Every line of the data is to be reproduced exactly.
--- Data listing Enclosed Below ---
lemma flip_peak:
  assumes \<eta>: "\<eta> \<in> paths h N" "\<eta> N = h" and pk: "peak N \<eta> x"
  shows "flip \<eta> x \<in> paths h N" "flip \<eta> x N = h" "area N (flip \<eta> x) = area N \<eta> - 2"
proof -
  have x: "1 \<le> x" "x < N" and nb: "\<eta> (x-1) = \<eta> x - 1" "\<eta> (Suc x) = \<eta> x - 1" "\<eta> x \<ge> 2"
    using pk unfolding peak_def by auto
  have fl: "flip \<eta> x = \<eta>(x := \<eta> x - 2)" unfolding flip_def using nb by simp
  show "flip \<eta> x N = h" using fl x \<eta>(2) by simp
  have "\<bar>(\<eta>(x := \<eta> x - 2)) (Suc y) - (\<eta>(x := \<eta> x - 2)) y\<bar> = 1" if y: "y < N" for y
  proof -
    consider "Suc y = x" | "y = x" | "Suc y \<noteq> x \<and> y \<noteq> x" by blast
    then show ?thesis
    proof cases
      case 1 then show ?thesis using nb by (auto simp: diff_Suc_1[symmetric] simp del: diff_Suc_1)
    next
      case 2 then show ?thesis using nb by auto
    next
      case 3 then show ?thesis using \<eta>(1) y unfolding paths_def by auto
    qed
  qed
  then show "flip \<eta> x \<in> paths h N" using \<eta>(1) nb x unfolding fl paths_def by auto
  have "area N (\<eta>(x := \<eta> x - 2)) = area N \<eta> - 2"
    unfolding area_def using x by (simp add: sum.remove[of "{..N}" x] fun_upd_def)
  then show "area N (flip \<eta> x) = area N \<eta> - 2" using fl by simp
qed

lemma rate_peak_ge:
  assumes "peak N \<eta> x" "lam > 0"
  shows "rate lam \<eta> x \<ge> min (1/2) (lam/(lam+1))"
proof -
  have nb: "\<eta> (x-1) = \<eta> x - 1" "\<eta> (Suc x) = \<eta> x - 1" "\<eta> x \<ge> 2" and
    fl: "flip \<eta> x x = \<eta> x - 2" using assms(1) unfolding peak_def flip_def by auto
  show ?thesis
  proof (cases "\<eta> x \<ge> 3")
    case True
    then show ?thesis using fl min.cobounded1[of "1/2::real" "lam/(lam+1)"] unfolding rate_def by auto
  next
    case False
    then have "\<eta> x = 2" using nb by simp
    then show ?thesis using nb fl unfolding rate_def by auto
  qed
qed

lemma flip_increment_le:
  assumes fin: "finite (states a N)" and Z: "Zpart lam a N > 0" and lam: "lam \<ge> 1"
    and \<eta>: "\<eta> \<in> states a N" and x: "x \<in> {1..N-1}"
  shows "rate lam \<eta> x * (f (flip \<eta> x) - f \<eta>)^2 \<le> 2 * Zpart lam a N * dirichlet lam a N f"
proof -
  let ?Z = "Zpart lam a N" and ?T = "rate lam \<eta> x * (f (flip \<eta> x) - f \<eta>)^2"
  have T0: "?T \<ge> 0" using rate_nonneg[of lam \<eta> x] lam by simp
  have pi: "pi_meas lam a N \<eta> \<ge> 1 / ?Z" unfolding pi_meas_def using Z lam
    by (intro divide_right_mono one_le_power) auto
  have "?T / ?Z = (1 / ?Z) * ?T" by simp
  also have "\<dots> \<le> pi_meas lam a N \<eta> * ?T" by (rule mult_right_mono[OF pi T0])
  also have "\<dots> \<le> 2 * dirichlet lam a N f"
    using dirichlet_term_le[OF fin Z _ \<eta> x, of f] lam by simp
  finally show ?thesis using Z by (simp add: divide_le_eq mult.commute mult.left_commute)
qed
--- End of Enclosed Data listing ---
**Response to the task**
lemma flip_peak:
  assumes \<eta>: "\<eta> \<in> paths h N" "\<eta> N = h" and pk: "peak N \<eta> x"
  shows "flip \<eta> x \<in> paths h N" "flip \<eta> x N = h" "area N (flip \<eta> x) = area N \<eta> - 2"
proof -
  have x: "1 \<le> x" "x < N" and nb: "\<eta> (x-1) = \<eta> x - 1" "\<eta> (Suc x) = \<eta> x - 1" "\<eta> x \<ge> 2"
    using pk unfolding peak_def by auto
  have fl: "flip \<eta> x = \<eta>(x := \<eta> x - 2)" unfolding flip_def using nb by simp
  show "flip \<eta> x N = h" using fl x \<eta>(2) by simp
  have "\<bar>(\<eta>(x := \<eta> x - 2)) (Suc y) - (\<eta>(x := \<eta> x - 2)) y\<bar> = 1" if y: "y < N" for y
  proof -
    consider "Suc y = x" | "y = x" | "Suc y \<noteq> x \<and> y \<noteq> x" by blast
    then show ?thesis
    proof cases
      case 1 then show ?thesis using nb by (auto simp: diff_Suc_1[symmetric] simp del: diff_Suc_1)
    next
      case 2 then show ?thesis using nb by auto
    next
      case 3 then show ?thesis using \<eta>(1) y unfolding paths_def by auto
    qed
  qed
  then show "flip \<eta> x \<in> paths h N" using \<eta>(1) nb x unfolding fl paths_def by auto
  have "area N (\<eta>(x := \<eta> x - 2)) = area N \<eta> - 2"
    unfolding area_def using x by (simp add: sum.remove[of "{..N}" x] fun_upd_def)
  then show "area N (flip \<eta> x) = area N \<eta> - 2" using fl by simp
qed

lemma rate_peak_ge:
  assumes "peak N \<eta> x" "lam > 0"
  shows "rate lam \<eta> x \<ge> min (1/2) (lam/(lam+1))"
proof -
  have nb: "\<eta> (x-1) = \<eta> x - 1" "\<eta> (Suc x) = \<eta> x - 1" "\<eta> x \<ge> 2" and
    fl: "flip \<eta> x x = \<eta> x - 2" using assms(1) unfolding peak_def flip_def by auto
  show ?thesis
  proof (cases "\<eta> x \<ge> 3")
    case True
    then show ?thesis using fl min.cobounded1[of "1/2::real" "lam/(lam+1)"] unfolding rate_def by auto
  next
    case False
    then have "\<eta> x = 2" using nb by simp
    then show ?thesis using nb fl unfolding rate_def by auto
  qed
qed

lemma flip_increment_le:
  assumes fin: "finite (states a N)" and Z: "Zpart lam a N > 0" and lam: "lam \<ge> 1"
    and \<eta>: "\<eta> \<in> states a N" and x: "x \<in> {1..N-1}"
  shows "rate lam \<eta> x * (f (flip \<eta> x) - f \<eta>)^2 \<le> 2 * Zpart lam a N * dirichlet lam a N f"
proof -
  let ?Z = "Zpart lam a N" and ?T = "rate lam \<eta> x * (f (flip \<eta> x) - f \<eta>)^2"
  have T0: "?T \<ge> 0" using rate_nonneg[of lam \<eta> x] lam by simp
  have pi: "pi_meas lam a N \<eta> \<ge> 1 / ?Z" unfolding pi_meas_def using Z lam
    by (intro divide_right_mono one_le_power) auto
  have "?T / ?Z = (1 / ?Z) * ?T" by simp
  also have "\<dots> \<le> pi_meas lam a N \<eta> * ?T" by (rule mult_right_mono[OF pi T0])
  also have "\<dots> \<le> 2 * dirichlet lam a N f"
    using dirichlet_term_le[OF fin Z _ \<eta> x, of f] lam by simp
  finally show ?thesis using Z by (simp add: divide_le_eq mult.commute mult.left_commute)
qed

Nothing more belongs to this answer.